EXERCISE DESCRIPTION >> Give the number of lines in the records below that hold "lambda"; nothing else is needed.

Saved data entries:

○ ○ ○ ○ ○ ○ ○

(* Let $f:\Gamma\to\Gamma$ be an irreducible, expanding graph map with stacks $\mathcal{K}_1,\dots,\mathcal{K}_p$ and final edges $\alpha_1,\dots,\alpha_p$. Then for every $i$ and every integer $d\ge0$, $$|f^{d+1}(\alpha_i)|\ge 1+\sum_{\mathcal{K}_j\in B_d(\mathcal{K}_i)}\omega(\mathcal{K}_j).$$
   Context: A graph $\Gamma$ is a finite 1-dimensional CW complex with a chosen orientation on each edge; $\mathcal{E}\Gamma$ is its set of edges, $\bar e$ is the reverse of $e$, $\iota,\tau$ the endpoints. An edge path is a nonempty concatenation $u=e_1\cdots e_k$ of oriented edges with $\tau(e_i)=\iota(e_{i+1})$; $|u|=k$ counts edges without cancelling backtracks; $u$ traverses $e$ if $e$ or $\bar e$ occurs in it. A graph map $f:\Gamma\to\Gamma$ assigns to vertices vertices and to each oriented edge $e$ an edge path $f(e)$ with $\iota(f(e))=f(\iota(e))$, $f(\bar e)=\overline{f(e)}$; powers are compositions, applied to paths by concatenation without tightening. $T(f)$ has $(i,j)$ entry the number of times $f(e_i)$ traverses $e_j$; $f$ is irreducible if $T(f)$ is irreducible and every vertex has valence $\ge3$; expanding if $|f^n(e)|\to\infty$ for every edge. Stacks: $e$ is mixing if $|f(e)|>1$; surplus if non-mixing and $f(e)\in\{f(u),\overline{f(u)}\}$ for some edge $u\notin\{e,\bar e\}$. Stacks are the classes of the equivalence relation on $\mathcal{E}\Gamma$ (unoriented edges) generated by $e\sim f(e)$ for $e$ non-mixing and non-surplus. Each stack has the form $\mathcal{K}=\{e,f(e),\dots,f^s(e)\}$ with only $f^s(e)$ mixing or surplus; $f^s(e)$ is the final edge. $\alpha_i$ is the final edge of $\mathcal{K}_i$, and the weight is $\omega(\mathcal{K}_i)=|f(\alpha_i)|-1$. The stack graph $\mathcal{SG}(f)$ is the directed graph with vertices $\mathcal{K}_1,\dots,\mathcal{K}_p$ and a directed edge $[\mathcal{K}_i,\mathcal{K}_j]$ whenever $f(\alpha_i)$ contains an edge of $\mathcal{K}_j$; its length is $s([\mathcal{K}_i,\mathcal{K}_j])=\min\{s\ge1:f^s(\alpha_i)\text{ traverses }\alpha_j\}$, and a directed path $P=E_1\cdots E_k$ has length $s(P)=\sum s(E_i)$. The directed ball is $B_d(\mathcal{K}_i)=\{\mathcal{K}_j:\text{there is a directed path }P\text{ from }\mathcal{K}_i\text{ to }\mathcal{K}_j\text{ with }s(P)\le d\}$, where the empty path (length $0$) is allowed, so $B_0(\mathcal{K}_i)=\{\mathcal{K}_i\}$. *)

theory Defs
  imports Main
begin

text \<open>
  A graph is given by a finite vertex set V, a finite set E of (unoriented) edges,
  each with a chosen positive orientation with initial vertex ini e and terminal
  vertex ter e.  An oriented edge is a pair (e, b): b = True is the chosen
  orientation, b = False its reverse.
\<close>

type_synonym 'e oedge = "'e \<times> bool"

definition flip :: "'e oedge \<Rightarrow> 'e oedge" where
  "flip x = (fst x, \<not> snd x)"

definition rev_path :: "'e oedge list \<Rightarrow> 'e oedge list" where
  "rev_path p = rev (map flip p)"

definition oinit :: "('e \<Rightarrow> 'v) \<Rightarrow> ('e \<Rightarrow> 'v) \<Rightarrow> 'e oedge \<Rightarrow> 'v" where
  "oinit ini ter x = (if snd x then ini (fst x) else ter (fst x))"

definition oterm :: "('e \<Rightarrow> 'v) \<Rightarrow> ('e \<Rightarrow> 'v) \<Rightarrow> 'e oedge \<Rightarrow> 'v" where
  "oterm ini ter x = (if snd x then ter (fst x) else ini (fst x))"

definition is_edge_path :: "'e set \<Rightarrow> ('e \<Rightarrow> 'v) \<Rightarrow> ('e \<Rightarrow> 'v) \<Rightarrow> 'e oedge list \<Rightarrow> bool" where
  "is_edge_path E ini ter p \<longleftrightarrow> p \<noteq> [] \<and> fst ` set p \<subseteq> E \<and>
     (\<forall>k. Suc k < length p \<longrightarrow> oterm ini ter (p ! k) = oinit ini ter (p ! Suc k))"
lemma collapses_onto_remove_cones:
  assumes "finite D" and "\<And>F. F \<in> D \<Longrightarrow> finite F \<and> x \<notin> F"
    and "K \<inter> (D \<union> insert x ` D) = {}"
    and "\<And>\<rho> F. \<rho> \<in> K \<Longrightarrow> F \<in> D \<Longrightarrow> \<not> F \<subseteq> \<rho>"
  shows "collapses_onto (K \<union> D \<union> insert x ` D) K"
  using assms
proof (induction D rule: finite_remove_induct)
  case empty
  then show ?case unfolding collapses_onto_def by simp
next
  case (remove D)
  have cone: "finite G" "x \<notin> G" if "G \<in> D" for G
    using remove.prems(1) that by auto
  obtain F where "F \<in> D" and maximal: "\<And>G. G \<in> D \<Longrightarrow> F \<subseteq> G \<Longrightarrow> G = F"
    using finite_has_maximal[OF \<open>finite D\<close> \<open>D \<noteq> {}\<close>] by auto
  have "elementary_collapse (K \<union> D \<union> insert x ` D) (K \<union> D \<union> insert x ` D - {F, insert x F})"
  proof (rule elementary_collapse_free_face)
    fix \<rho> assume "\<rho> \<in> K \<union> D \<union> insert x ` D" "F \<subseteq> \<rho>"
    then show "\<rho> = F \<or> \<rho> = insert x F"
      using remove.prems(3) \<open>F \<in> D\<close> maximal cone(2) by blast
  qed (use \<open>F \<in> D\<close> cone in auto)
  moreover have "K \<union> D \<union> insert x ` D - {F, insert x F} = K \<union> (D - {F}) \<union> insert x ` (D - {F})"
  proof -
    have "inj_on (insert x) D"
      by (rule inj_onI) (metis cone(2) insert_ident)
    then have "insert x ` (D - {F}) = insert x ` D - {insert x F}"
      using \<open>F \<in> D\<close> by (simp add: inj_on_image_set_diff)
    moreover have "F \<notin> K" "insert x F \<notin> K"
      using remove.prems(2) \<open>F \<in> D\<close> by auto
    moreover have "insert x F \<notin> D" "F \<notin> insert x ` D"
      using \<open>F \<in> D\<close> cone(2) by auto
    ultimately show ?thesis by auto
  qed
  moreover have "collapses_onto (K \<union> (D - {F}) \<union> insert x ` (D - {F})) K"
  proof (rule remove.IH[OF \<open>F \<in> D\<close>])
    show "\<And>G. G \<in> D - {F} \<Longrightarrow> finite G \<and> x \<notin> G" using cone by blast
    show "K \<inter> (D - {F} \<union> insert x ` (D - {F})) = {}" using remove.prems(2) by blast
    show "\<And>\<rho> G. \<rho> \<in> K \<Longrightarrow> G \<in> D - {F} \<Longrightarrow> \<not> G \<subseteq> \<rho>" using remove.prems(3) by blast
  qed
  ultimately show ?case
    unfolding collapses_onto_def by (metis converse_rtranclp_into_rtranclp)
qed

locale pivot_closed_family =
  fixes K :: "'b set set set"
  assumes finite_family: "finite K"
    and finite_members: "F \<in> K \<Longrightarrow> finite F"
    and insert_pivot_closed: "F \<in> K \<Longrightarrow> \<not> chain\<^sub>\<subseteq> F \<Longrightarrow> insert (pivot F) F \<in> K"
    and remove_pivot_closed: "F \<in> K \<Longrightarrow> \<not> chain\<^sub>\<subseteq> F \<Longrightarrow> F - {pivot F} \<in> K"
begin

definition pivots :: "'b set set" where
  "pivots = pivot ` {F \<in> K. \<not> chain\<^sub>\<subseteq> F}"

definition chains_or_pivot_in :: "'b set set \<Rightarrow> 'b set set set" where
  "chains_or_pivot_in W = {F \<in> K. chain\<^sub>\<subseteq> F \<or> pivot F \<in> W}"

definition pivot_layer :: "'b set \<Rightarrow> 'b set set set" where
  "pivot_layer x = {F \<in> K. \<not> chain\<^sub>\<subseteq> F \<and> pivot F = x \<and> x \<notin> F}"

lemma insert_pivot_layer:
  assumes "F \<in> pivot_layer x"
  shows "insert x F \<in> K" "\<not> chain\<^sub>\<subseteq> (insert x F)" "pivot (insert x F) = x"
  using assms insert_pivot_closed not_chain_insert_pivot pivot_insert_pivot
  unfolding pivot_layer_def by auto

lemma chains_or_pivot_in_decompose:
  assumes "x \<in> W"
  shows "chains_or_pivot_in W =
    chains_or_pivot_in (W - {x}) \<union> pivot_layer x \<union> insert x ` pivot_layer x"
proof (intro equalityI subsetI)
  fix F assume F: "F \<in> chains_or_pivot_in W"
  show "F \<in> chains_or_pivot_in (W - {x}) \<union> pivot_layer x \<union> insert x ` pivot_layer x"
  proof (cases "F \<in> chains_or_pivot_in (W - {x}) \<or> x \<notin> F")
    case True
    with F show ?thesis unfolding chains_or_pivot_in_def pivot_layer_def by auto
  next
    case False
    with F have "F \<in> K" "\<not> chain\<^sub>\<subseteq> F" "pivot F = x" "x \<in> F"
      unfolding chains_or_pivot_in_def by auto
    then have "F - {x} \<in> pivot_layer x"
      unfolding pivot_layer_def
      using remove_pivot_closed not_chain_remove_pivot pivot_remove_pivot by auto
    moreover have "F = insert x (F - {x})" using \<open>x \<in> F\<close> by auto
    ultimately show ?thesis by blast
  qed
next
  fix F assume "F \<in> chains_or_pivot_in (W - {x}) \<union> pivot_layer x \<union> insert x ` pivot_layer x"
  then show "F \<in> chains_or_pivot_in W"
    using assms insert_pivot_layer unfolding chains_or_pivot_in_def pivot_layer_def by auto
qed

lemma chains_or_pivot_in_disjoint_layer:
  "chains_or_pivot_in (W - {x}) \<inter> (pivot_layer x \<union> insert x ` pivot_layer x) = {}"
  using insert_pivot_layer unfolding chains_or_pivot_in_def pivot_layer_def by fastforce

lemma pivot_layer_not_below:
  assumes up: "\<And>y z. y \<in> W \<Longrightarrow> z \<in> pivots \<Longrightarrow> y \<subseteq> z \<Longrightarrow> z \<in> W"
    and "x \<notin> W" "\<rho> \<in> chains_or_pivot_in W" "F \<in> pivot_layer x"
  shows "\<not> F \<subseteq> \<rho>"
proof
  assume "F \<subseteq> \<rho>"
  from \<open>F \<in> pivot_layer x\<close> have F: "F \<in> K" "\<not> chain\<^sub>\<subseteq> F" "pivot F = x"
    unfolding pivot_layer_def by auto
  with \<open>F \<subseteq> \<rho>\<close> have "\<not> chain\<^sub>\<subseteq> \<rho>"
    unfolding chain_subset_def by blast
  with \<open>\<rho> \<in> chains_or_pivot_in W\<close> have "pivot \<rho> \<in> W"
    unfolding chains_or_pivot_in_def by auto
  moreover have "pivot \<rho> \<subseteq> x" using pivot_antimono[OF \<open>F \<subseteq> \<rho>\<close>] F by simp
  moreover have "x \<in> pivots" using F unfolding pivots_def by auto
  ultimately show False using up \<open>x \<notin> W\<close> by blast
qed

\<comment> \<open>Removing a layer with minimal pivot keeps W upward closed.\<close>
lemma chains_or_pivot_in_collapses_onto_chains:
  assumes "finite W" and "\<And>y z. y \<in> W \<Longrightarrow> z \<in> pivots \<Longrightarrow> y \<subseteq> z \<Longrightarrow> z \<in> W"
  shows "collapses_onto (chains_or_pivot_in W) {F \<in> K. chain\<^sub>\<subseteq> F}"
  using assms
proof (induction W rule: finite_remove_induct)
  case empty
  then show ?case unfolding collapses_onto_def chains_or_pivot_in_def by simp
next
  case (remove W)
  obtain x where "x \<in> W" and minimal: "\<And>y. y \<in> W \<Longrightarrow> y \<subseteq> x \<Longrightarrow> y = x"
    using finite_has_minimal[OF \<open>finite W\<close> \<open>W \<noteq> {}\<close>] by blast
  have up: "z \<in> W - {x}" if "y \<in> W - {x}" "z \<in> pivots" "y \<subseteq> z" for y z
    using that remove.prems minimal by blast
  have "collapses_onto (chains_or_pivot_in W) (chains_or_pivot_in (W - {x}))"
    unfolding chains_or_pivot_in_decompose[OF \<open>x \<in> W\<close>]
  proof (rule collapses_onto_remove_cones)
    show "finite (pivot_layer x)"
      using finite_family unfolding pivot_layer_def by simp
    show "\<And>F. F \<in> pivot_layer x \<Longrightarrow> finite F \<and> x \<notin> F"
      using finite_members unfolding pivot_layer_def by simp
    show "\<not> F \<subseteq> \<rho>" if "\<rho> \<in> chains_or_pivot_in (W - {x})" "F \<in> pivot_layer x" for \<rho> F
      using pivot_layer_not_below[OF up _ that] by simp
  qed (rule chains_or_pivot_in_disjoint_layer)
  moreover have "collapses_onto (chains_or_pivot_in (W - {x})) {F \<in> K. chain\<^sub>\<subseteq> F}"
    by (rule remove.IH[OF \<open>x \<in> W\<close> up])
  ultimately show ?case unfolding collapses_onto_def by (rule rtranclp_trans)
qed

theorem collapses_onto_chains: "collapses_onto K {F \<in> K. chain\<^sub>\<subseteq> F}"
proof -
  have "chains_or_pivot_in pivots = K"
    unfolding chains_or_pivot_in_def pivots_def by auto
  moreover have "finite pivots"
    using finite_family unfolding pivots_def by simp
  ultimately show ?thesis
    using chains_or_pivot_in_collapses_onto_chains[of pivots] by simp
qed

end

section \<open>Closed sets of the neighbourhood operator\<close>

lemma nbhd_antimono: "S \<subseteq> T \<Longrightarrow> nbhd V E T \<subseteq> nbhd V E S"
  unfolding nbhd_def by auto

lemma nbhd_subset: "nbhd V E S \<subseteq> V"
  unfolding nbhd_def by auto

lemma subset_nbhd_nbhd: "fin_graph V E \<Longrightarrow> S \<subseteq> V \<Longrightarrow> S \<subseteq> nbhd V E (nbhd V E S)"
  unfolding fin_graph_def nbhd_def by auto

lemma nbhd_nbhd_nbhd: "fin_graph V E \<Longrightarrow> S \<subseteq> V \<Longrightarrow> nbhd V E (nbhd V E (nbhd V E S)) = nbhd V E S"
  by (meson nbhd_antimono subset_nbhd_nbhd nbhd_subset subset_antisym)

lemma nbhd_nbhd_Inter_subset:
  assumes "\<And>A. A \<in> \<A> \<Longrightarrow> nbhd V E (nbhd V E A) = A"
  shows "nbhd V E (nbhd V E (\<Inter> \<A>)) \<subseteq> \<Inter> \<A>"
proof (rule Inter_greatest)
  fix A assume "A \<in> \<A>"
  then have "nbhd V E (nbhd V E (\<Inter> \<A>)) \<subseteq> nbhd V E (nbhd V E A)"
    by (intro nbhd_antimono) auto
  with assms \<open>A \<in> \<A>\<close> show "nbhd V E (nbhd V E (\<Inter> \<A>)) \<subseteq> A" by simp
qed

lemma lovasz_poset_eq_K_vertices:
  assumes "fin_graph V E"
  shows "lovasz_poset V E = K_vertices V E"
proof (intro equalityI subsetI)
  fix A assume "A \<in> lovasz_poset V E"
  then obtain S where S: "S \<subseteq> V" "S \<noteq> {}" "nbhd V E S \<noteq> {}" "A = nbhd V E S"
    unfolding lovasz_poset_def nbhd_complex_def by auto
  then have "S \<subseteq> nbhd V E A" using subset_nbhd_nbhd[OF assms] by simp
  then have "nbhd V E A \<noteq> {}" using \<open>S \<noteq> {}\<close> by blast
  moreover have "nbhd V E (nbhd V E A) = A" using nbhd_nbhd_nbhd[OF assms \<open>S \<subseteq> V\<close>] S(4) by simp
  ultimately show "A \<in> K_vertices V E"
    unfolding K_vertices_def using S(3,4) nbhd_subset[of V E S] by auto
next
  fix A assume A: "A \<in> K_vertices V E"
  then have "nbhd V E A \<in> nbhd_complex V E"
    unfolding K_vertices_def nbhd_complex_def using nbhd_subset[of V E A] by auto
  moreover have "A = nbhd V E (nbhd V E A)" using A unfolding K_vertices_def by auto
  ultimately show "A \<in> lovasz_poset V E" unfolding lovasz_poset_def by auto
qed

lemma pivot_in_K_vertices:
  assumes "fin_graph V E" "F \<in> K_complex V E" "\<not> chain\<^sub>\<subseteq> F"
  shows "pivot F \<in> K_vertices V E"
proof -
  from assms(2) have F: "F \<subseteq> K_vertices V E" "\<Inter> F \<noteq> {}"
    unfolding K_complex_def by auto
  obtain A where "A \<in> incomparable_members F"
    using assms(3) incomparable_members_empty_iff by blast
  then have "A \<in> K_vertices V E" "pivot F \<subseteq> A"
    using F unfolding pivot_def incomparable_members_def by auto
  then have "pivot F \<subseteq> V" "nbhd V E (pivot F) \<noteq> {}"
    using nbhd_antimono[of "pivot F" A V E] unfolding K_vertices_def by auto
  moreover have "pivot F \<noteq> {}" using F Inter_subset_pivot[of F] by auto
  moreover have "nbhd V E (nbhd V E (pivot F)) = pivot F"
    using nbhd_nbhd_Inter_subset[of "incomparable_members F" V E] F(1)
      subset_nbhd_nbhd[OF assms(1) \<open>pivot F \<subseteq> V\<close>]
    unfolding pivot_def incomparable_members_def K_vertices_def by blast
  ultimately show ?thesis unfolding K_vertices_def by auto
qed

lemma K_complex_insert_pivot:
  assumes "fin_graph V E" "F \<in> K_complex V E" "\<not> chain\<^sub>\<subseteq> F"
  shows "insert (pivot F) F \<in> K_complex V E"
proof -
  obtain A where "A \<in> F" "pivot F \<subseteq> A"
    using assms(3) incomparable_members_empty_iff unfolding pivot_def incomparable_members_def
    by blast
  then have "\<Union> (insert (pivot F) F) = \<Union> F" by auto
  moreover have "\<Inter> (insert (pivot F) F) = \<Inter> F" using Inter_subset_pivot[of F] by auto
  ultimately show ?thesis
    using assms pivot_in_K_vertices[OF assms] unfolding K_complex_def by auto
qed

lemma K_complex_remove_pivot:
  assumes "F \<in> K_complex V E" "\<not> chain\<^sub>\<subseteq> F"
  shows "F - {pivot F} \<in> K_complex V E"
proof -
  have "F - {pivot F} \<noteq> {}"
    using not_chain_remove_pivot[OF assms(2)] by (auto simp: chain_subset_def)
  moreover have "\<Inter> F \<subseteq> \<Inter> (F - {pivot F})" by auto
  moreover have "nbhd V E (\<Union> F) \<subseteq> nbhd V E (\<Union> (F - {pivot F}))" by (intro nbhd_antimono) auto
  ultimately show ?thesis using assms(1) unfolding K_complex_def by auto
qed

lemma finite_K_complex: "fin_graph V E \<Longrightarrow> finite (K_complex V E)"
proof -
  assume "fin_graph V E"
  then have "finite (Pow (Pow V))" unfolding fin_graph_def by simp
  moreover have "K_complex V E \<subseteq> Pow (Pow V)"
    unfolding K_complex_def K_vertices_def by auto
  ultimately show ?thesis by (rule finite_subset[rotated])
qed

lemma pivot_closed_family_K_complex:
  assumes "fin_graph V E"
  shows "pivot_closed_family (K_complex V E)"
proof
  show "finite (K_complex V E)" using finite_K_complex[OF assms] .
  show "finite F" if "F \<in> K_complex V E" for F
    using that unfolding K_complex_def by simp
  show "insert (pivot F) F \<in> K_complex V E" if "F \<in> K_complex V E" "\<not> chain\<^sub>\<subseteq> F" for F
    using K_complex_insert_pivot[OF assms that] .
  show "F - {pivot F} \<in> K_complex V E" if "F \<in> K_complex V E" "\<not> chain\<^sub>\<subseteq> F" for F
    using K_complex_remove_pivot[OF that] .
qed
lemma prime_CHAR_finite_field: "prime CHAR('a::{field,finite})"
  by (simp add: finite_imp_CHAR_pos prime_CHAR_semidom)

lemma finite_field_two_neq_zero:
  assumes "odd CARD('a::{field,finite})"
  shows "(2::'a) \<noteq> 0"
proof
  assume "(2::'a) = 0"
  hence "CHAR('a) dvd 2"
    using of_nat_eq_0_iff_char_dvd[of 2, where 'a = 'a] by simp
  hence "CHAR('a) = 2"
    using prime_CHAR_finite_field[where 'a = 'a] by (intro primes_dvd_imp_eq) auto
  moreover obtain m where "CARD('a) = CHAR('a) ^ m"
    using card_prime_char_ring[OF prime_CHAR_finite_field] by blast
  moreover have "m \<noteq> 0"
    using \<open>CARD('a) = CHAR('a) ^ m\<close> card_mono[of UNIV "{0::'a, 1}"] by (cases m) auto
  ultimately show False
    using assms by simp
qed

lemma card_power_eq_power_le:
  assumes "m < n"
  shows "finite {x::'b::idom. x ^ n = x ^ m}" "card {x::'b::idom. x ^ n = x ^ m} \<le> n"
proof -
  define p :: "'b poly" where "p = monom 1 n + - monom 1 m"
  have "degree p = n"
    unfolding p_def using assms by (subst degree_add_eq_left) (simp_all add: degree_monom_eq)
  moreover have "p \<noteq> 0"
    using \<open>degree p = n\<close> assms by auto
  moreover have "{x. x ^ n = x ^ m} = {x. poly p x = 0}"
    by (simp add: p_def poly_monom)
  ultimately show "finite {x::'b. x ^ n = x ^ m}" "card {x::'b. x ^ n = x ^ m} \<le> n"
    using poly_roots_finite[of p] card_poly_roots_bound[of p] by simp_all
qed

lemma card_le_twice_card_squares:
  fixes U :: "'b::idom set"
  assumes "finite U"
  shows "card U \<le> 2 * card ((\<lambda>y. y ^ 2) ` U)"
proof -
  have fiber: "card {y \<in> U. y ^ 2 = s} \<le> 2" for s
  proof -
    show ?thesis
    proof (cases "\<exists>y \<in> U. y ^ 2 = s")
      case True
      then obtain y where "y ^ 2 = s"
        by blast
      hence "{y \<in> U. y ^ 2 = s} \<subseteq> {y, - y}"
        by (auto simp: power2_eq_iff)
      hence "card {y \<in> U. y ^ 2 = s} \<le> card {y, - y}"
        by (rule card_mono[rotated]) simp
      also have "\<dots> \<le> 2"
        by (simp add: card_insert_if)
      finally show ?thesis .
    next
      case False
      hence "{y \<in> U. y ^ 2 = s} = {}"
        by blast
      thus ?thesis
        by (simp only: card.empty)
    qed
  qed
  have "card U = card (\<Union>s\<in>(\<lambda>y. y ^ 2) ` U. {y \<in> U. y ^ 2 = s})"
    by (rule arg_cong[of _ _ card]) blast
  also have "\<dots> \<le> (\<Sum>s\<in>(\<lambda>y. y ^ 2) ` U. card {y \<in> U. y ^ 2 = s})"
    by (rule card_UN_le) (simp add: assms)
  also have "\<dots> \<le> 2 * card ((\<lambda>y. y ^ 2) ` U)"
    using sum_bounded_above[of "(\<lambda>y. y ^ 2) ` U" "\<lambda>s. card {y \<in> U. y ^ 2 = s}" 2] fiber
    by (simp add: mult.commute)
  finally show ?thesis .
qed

○ ○ ○ ○ ○ ○ ○

RESPONSE BOX >> 5